Я кивнула, но неуверенно. Кивок вышел каким-то вялым, будто мышцы шеи отказались повиноваться. Воодушевление, вспыхнувшее минуту назад, уже гасло, прогорая, как тонкая бумага, под холодным дыханьем полного истощения. Я была выжата – не только физически, но и психически. Каждая клетка тела гудела тупой, однотонной болью усталости. Мысли с трудом цеплялись друг за друга, расползаясь в серую муть.
Мне банально, до слёз, до животной тоски, нужен был отдых. Не сон даже – просто состояние, в котором не нужно ничего держать, контролировать, фильтровать. Но отдых в моём мире был понятием условным. Отдохнуть – значило ослабить барьеры. А ослабить барьеры сейчас – значило снова нырнуть в тот оглушительный визг города, от которого я едва спаслась здесь.
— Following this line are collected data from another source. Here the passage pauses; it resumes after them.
lemma T_fits_le: "T_fits r c \<le> length r + 1"
  by (induction r c rule: T_fits.induct) auto

lemma T_subtr_le: "T_subtr c r \<le> length r + 1"
  by (induction c r rule: T_subtr.induct) auto

lemma T_greedy_le: "T_greedy cap fams \<le> 1 + 3 * (\<Sum>f\<leftarrow>fams. length (snd f) + 1)"
proof (induction cap fams rule: greedy.induct)
  case (2 cap a r fs)
  then show ?case using T_fits_le[of r cap] T_subtr_le[of cap r] by auto
qed simp

theorem proposition12:
  "\<exists>c k :: nat. \<forall>fams cap. wf_input fams cap \<longrightarrow>
     (case solve fams cap of
        None \<Rightarrow> \<not> (\<exists>\<sigma>. pareto_optimal (decode_instance fams cap) \<sigma>)
      | Some xs \<Rightarrow> length xs = length fams \<and>
                   pareto_optimal (decode_instance fams cap) (decode_assignment xs)) \<and>
     T_solve fams cap \<le> c * (input_size fams cap + 1) ^ k"
proof (intro exI allI impI conjI)
  fix fams cap
  assume "wf_input fams cap"
  then have "pareto_optimal (decode_instance fams cap) (decode_assignment (greedy cap fams))"
    by (intro pareto_optimal_if_maximal_selection maximal_selection_greedy)
  then show "case solve fams cap of
        None \<Rightarrow> \<not> (\<exists>\<sigma>. pareto_optimal (decode_instance fams cap) \<sigma>)
      | Some xs \<Rightarrow> length xs = length fams \<and>
                   pareto_optimal (decode_instance fams cap) (decode_assignment xs)"
    by (simp add: solve_def)
  show "T_solve fams cap \<le> 3 * (input_size fams cap + 1) ^ 1"
    using T_greedy_le[of cap fams] by (simp add: T_solve_def input_size_def)
qed

end
(* Let $1\leq n\leq N$, let $\mathcal{G}$ be a class of classifiers $g:\mathcal{X}\to\{-1,+1\}$ of finite VC dimension $V$, and let $\boldsymbol{\epsilon}_N$ be the indicator vector of a rejective sampling design of size $n$ with first-order inclusion probabilities $\boldsymbol{\pi}_N=(\pi_1,\ldots,\pi_N)$ (all $\pi_i>0$), independent of $\mathcal{D}_N$. Set $\kappa_N=(n/N)/\min_{i\leq N}\pi_i$. Then for every $\delta\in(0,1)$, with probability at least $1-\delta$, $$\sup_{g\in\mathcal{G}}\big|\bar{L}_{\boldsymbol{\epsilon}_N}(g)-\widehat{L}_N(g)\big|\leq 2\kappa_N\frac{\log(2/\delta)+V\log(N+1)}{3n}+\sqrt{2\kappa_N\frac{\log(2/\delta)+V\log(N+1)}{n}}.$$
   Context: $(X,Y)$ is a random pair with values in $\mathcal{X}\times\{-1,+1\}$ and $\mathcal{D}_N=\{(X_i,Y_i):1\leq i\leq N\}$ consists of $N$ i.i.d. copies of $(X,Y)$. A rejective sampling design of size $n$ on $\{1,\ldots,N\}$ with canonical parameters $\mathbf{p}_N\in(0,1)^N$, $\sum_i p_i=n$, draws a random subset $S$ with $\mathbb{P}(S=s)=C\prod_{i\in s}p_i\prod_{i\notin s}(1-p_i)$ if $\#s=n$ and $0$ otherwise ($C$ a normalizing constant); $\epsilon_i=\mathbb{I}\{i\in S\}$ and $\pi_i=\mathbb{P}(i\in S)$. The empirical risk is $\widehat{L}_N(g)=\frac1N\sum_{i=1}^N\mathbb{I}\{g(X_i)\neq Y_i\}$ and the Horvitz–Thompson (HT) empirical risk is $\bar{L}_{\boldsymbol{\epsilon}_N}(g)=\frac1N\sum_{i=1}^N\frac{\epsilon_i}{\pi_i}\mathbb{I}\{g(X_i)\neq Y_i\}$. *)

theory Defs
  imports "HOL-Analysis.Analysis"
begin

text \<open>Rejective sampling design of size n with
canonical parameters p: P(S = s) = C * prod_{i in s} p i * prod_{i notin s} (1 - p i)
for s a subset of {1..N} with card s = n, and 0 otherwise.\<close>

definition samples :: "nat \<Rightarrow> nat \<Rightarrow> nat set set" where
  "samples N n = {s. s \<subseteq> {1..N} \<and> card s = n}"
lemma rescaled_profile_integral_tendsto:
  fixes p :: "real \<Rightarrow> real"
  assumes [measurable]: "p \<in> borel_measurable borel" "A \<in> sets borel"
    and nonneg: "\<And>u. 0 \<le> p u" and bounded: "\<And>u. p u \<le> K"
    and vanish: "\<And>u. u < 0 \<Longrightarrow> p u = 0"
    and asym: "p \<sim>[at_left s] (\<lambda>u. a * (s - u) powr b)" and "0 < s" "-1 < b"
  shows "(\<lambda>n. \<integral>t. indicator A t * rescaled_profile p s b n t \<partial>lborel)
           \<longlonglongrightarrow> a * (\<integral>t. indicator A t * gamma_kernel s b t \<partial>lborel)"
    and "integrable lborel (\<lambda>t. indicator A t * rescaled_profile p s b n t)"
proof -
  obtain C where le: "\<And>n t. \<bar>rescaled_profile p s b n t\<bar> \<le> C * gamma_kernel s b t"
    using rescaled_profile_le[OF nonneg bounded vanish asym \<open>0 < s\<close>] by blast
  have dominated: "integrable lborel (\<lambda>t. C * gamma_kernel s b t)"
    using integrable_gamma_kernel[OF \<open>0 < s\<close> \<open>-1 < b\<close>] by simp
  have bound: "AE t in lborel. norm (indicator A t * rescaled_profile p s b n t) \<le> C * gamma_kernel s b t" for n
  proof (intro AE_I2)
    fix t
    show "norm (indicator A t * rescaled_profile p s b n t) \<le> C * gamma_kernel s b t"
      using le[of n t] abs_ge_zero[of "rescaled_profile p s b n t"] by (cases "t \<in> A") auto
  qed
  have lim: "AE t in lborel. (\<lambda>n. indicator A t * rescaled_profile p s b n t) \<longlonglongrightarrow> indicator A t * (a * gamma_kernel s b t)"
    using rescaled_profile_tendsto[OF asym \<open>0 < s\<close>] by (simp add: tendsto_mult_left)
  have meas: "(\<lambda>t. indicator A t * (a * gamma_kernel s b t)) \<in> borel_measurable lborel"
    "\<And>n. (\<lambda>t. indicator A t * rescaled_profile p s b n t) \<in> borel_measurable lborel"
    by measurable
  show "integrable lborel (\<lambda>t. indicator A t * rescaled_profile p s b n t)"
    by (rule integrable_dominated_convergence2[OF meas dominated lim bound])
  have "(\<lambda>t. indicator A t * (a * gamma_kernel s b t)) = (\<lambda>t. a * (indicator A t * gamma_kernel s b t))"
    by (rule ext) (rule mult.left_commute)
  with integral_dominated_convergence[OF meas dominated lim bound]
  show "(\<lambda>n. \<integral>t. indicator A t * rescaled_profile p s b n t \<partial>lborel)
           \<longlonglongrightarrow> a * (\<integral>t. indicator A t * gamma_kernel s b t \<partial>lborel)"
    by simp
qed

lemma gamma_density_eq_gamma_kernel:
  assumes "0 < s"
  shows "gamma_density (b + 1) (1 / s) t = gamma_kernel s b t / (s powr (b + 1) * Gamma (b + 1))"
  using assms by (simp add: gamma_density_def gamma_kernel_def powr_divide exp_minus field_simps)

lemma cdf_gamma_measure:
  assumes "0 < s" "-1 < b"
  shows "cdf (gamma_measure (b + 1) (1 / s)) x
           = (\<integral>t. indicator {..x} t * gamma_kernel s b t \<partial>lborel) / integral\<^sup>L lborel (gamma_kernel s b)"
proof -
  define Z where "Z = s powr (b + 1) * Gamma (b + 1)"
  have "0 < Z"
    using assms by (simp add: Z_def Gamma_real_pos)
  have "gamma_measure (b + 1) (1 / s) = density lborel (\<lambda>t. ennreal (gamma_kernel s b t / Z))"
    using assms by (simp add: gamma_measure_def gamma_density_eq_gamma_kernel Z_def)
  then have "cdf (gamma_measure (b + 1) (1 / s)) x
      = enn2real (\<integral>\<^sup>+t. ennreal (indicator {..x} t * gamma_kernel s b t / Z) \<partial>lborel)"
    unfolding cdf_def measure_def
    by (simp add: emeasure_density indicator_mult_ennreal mult.commute)
  also have "\<dots> = (\<integral>t. indicator {..x} t * gamma_kernel s b t / Z \<partial>lborel)"
    using integrable_real_mult_indicator[OF _ integrable_gamma_kernel[OF assms], of "{..x}"] \<open>0 < Z\<close>
    by (subst nn_integral_eq_integral) (auto simp: gamma_kernel_nonneg mult.commute)
  finally show ?thesis
    using integral_gamma_kernel[OF assms] by (simp add: Z_def)
qed

locale radial_profile =
  fixes \<psi> :: "real \<Rightarrow> real" and a b :: real
  assumes psi_measurable: "set_borel_measurable borel {0..} \<psi>"
    and psi_nonneg: "\<And>u. 0 \<le> u \<Longrightarrow> 0 \<le> \<psi> u"
    and psi_moment_1_pos: "0 < psi_moment \<psi> 1"
    and bdd_above_ustar_set: "bdd_above (ustar_set \<psi>)"
    and psi_bounded: "bounded (\<psi> ` {0..})"
    and a_pos: "0 < a" and b_gt: "-1 < b"
    and psi_asymp: "\<psi> \<sim>[at_left (ustar \<psi>)] (\<lambda>u. a * (ustar \<psi> - u) powr b)"
begin

definition profile :: "real \<Rightarrow> real" where
  "profile u = indicator {0..} u * \<psi> u"

lemma profile_measurable [measurable]: "profile \<in> borel_measurable borel"
  using psi_measurable unfolding profile_def[abs_def] set_borel_measurable_def by simp

lemma profile_nonneg: "0 \<le> profile u"
  by (simp add: profile_def psi_nonneg indicator_def)

lemma profile_eq_0_neg: "u < 0 \<Longrightarrow> profile u = 0"
  by (simp add: profile_def)

lemma profile_bounded:
  obtains K where "\<And>u. profile u \<le> K"
proof -
  obtain K where "\<And>x. x \<in> \<psi> ` {0..} \<Longrightarrow> \<bar>x\<bar> \<le> K"
    using psi_bounded unfolding bounded_real by blast
  then have "profile u \<le> K" for u
    using order_trans[OF abs_ge_zero, of "\<psi> 0" K] by (force simp: profile_def indicator_def)
  then show ?thesis
    using that by blast
qed

lemma AE_profile_eq_0_above_ustar: "AE u in lborel. ustar \<psi> < u \<longrightarrow> profile u = 0"
proof -
  have "indicator ({u - \<epsilon>..u} \<inter> {0..}) v * \<psi> v = indicator {u - \<epsilon>..u} v * profile v" for u \<epsilon> v :: real
    by (auto simp: profile_def indicator_def)
  then have "ustar_set \<psi> = {u. \<forall>\<epsilon>>0. 0 < (\<integral>\<^sup>+v. ennreal (indicator {u - \<epsilon>..u} v * profile v) \<partial>lborel)}"
    by (simp add: ustar_set_def)
  moreover obtain K where "\<And>u. profile u \<le> K"
    using profile_bounded by blast
  ultimately show ?thesis
    using AE_zero_above_Sup_support[OF profile_measurable profile_nonneg, of K] bdd_above_ustar_set
    by (simp add: ustar_def)
qed

text \<open>\<open>c\<^sub>d \<cdot> deviation_mass d B\<close> is the probability that \<open>d (u\<^sub>* - U\<^sub>d) \<in> B\<close>.\<close>

definition deviation_mass :: "nat \<Rightarrow> real set \<Rightarrow> ennreal" where
  "deviation_mass d B = (\<integral>\<^sup>+u. ennreal (indicator B ((ustar \<psi> - u) * d) * (u ^ d * profile u)) \<partial>lborel)"

lemma psi_moment_eq_deviation_mass: "psi_moment \<psi> d = deviation_mass d UNIV"
  by (simp add: psi_moment_def deviation_mass_def profile_def mult_ac)

lemma ustar_pos: "0 < ustar \<psi>"
proof (rule ccontr)
  assume "\<not> 0 < ustar \<psi>"
  have vanish: "u * profile u = 0" if "ustar \<psi> < u \<longrightarrow> profile u = 0" for u
    using that \<open>\<not> 0 < ustar \<psi>\<close> profile_eq_0_neg[of u] by (cases "u < 0") auto
  have "AE u in lborel. ennreal (u * profile u) = 0"
    using AE_profile_eq_0_above_ustar by (rule AE_mp) (auto intro!: AE_I2 simp: vanish)
  then have "psi_moment \<psi> 1 = 0"
    by (simp add: psi_moment_eq_deviation_mass deviation_mass_def nn_integral_0_iff_AE)
  then show False
    using psi_moment_1_pos by simp
qed

lemma profile_asymp: "profile \<sim>[at_left (ustar \<psi>)] (\<lambda>u. a * (ustar \<psi> - u) powr b)"
proof (rule asymp_equiv_transfer[OF psi_asymp])
  show "\<forall>\<^sub>F u in at_left (ustar \<psi>). \<psi> u = profile u"
    using ustar_pos unfolding eventually_at_left_field
    by (auto simp: profile_def intro!: exI[of _ 0])
qed simp

definition rescaled_mass :: "nat \<Rightarrow> real set \<Rightarrow> real" where
  "rescaled_mass d B = (\<integral>t. indicator B t * rescaled_profile profile (ustar \<psi>) b d t \<partial>lborel)"

lemma rescaled_mass_tendsto:
  assumes "B \<in> sets borel"
  shows "(\<lambda>d. rescaled_mass d B) \<longlonglongrightarrow> a * (\<integral>t. indicator B t * gamma_kernel (ustar \<psi>) b t \<partial>lborel)"
    and "integrable lborel (\<lambda>t. indicator B t * rescaled_profile profile (ustar \<psi>) b d t)"
proof -
  obtain K where "\<And>u. profile u \<le> K"
    using profile_bounded by blast
  note rescaled_profile_integral_tendsto[OF profile_measurable assms profile_nonneg this
      profile_eq_0_neg profile_asymp ustar_pos b_gt]
  then show "(\<lambda>d. rescaled_mass d B) \<longlonglongrightarrow> a * (\<integral>t. indicator B t * gamma_kernel (ustar \<psi>) b t \<partial>lborel)"
    and "integrable lborel (\<lambda>t. indicator B t * rescaled_profile profile (ustar \<psi>) b d t)"
    by (simp_all add: rescaled_mass_def)
qed

lemma rescaled_mass_nonneg: "0 \<le> rescaled_mass d B"
  unfolding rescaled_mass_def
  using rescaled_profile_nonneg[OF profile_nonneg profile_eq_0_neg ustar_pos]
  by (intro integral_nonneg_AE) (simp add: indicator_def)

lemma deviation_mass_eq_rescaled_mass:
  assumes "0 < d" and [measurable]: "B \<in> sets borel"
  shows "ennreal (real d powr (b + 1) / ustar \<psi> ^ d) * deviation_mass d B = ennreal (rescaled_mass d B)"
proof -
  define s where "s = ustar \<psi>"
  define g where "g t = indicator B t * indicator {0<..} t * ((s - t / d) ^ d * profile (s - t / d))" for t
  have "0 < s"
    using ustar_pos by (simp add: s_def)
  have "AE u in lborel. ennreal (indicator B ((s - u) * d) * (u ^ d * profile u))
      = ennreal (indicator B ((s - u) * d) * indicator {..<s} u * (u ^ d * profile u))"
    using AE_profile_eq_0_above_ustar AE_lborel_singleton[of s]
    by eventually_elim (auto simp: indicator_def s_def)
  then have "deviation_mass d B
      = (\<integral>\<^sup>+u. ennreal (indicator B ((s - u) * d) * indicator {..<s} u * (u ^ d * profile u)) \<partial>lborel)"
    unfolding deviation_mass_def s_def by (rule nn_integral_cong_AE)
  also have "\<dots> = ennreal \<bar>-1 / real d\<bar> * (\<integral>\<^sup>+t. ennreal (indicator B ((s - (s + (-1 / real d) * t)) * d)
      * indicator {..<s} (s + (-1 / real d) * t) * ((s + (-1 / real d) * t) ^ d * profile (s + (-1 / real d) * t))) \<partial>lborel)"
    using \<open>0 < d\<close> by (intro nn_integral_real_affine) auto
  also have "\<dots> = ennreal (1 / d) * (\<integral>\<^sup>+t. ennreal (g t) \<partial>lborel)"
    using \<open>0 < d\<close> by (auto simp: g_def indicator_def field_simps intro!: nn_integral_cong)
  finally have "ennreal (real d powr (b + 1) / s ^ d) * deviation_mass d B
      = ennreal (real d powr (b + 1) / s ^ d) * ennreal (1 / d) * (\<integral>\<^sup>+t. ennreal (g t) \<partial>lborel)"
    by (simp add: mult.assoc)
  also have "ennreal (real d powr (b + 1) / s ^ d) * ennreal (1 / d) = ennreal (real d powr b / s ^ d)"
    using \<open>0 < d\<close> \<open>0 < s\<close> by (simp add: powr_add flip: ennreal_mult)
  also have "\<dots> * (\<integral>\<^sup>+t. ennreal (g t) \<partial>lborel)
      = (\<integral>\<^sup>+t. ennreal (real d powr b / s ^ d) * ennreal (g t) \<partial>lborel)"
    by (rule nn_integral_cmult[symmetric]) (simp add: g_def)
  also have "\<dots> = (\<integral>\<^sup>+t. ennreal (indicator B t * rescaled_profile profile s b d t) \<partial>lborel)"
    using \<open>0 < s\<close> profile_eq_0_neg[of "s - _ / d"]
    by (intro nn_integral_cong)
       (auto simp: g_def rescaled_profile_def indicator_def power_divide field_simps
             simp flip: ennreal_mult')
  also have "\<dots> = ennreal (rescaled_mass d B)"
    unfolding rescaled_mass_def s_def
    using rescaled_mass_tendsto(2)[OF assms(2)] rescaled_profile_nonneg[OF profile_nonneg profile_eq_0_neg ustar_pos]
    by (intro nn_integral_eq_integral) (auto simp: indicator_def)
  finally show ?thesis
    by (simp add: s_def)
qed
Здесь. В этой комнате. Рядом с ним.
Это было единственное место во всей вселенной, где можно было перевести дух. Где тишина была не целью, а данностью. И сейчас эта данность была важнее любых дел, любых расследований.
Но как это объяснить ему? Человеку, который только что назвал меня «прибором» и поставил задачу? Как сказать: «Извините, Кирилл Александрович, но ваш уникальный прибор разряжен. Ему требуется несколько часов просто… молча стоять на полке в вашем присутствии»?
Я опустила глаза, чувствуя, как предательский жар стыда и беспомощности разливается по щекам. Слова застревали в горле комом.
– Я… – начала я хрипло и сразу замолчала, сглотнув.
Он уже повернулся, чтобы идти за материалами, но замер, спиной ко мне. Не обернулся.
– Вчера – срыв. Сегодня – досрочный визит в состоянии, близком к панической атаке, – произнёс он ровным голосом, глядя в дверь. Констатация. Без эмоций. – При этом ты не обратилась за медицинской помощью. Не попыталась скрыться в безлюдном месте. Ты пришла сюда. Почему?
Он повернулся ко мне, и его пустой взгляд теперь требовал ответа. Не как человек – как следователь на допросе, выявляющий противоречия в показаниях.
Горло сжалось. Я искала слова, которые не звучали бы как полное безумие. «Потому что рядом с вами в голове наступает тишина»? Это был бы билет прямиком в психушку.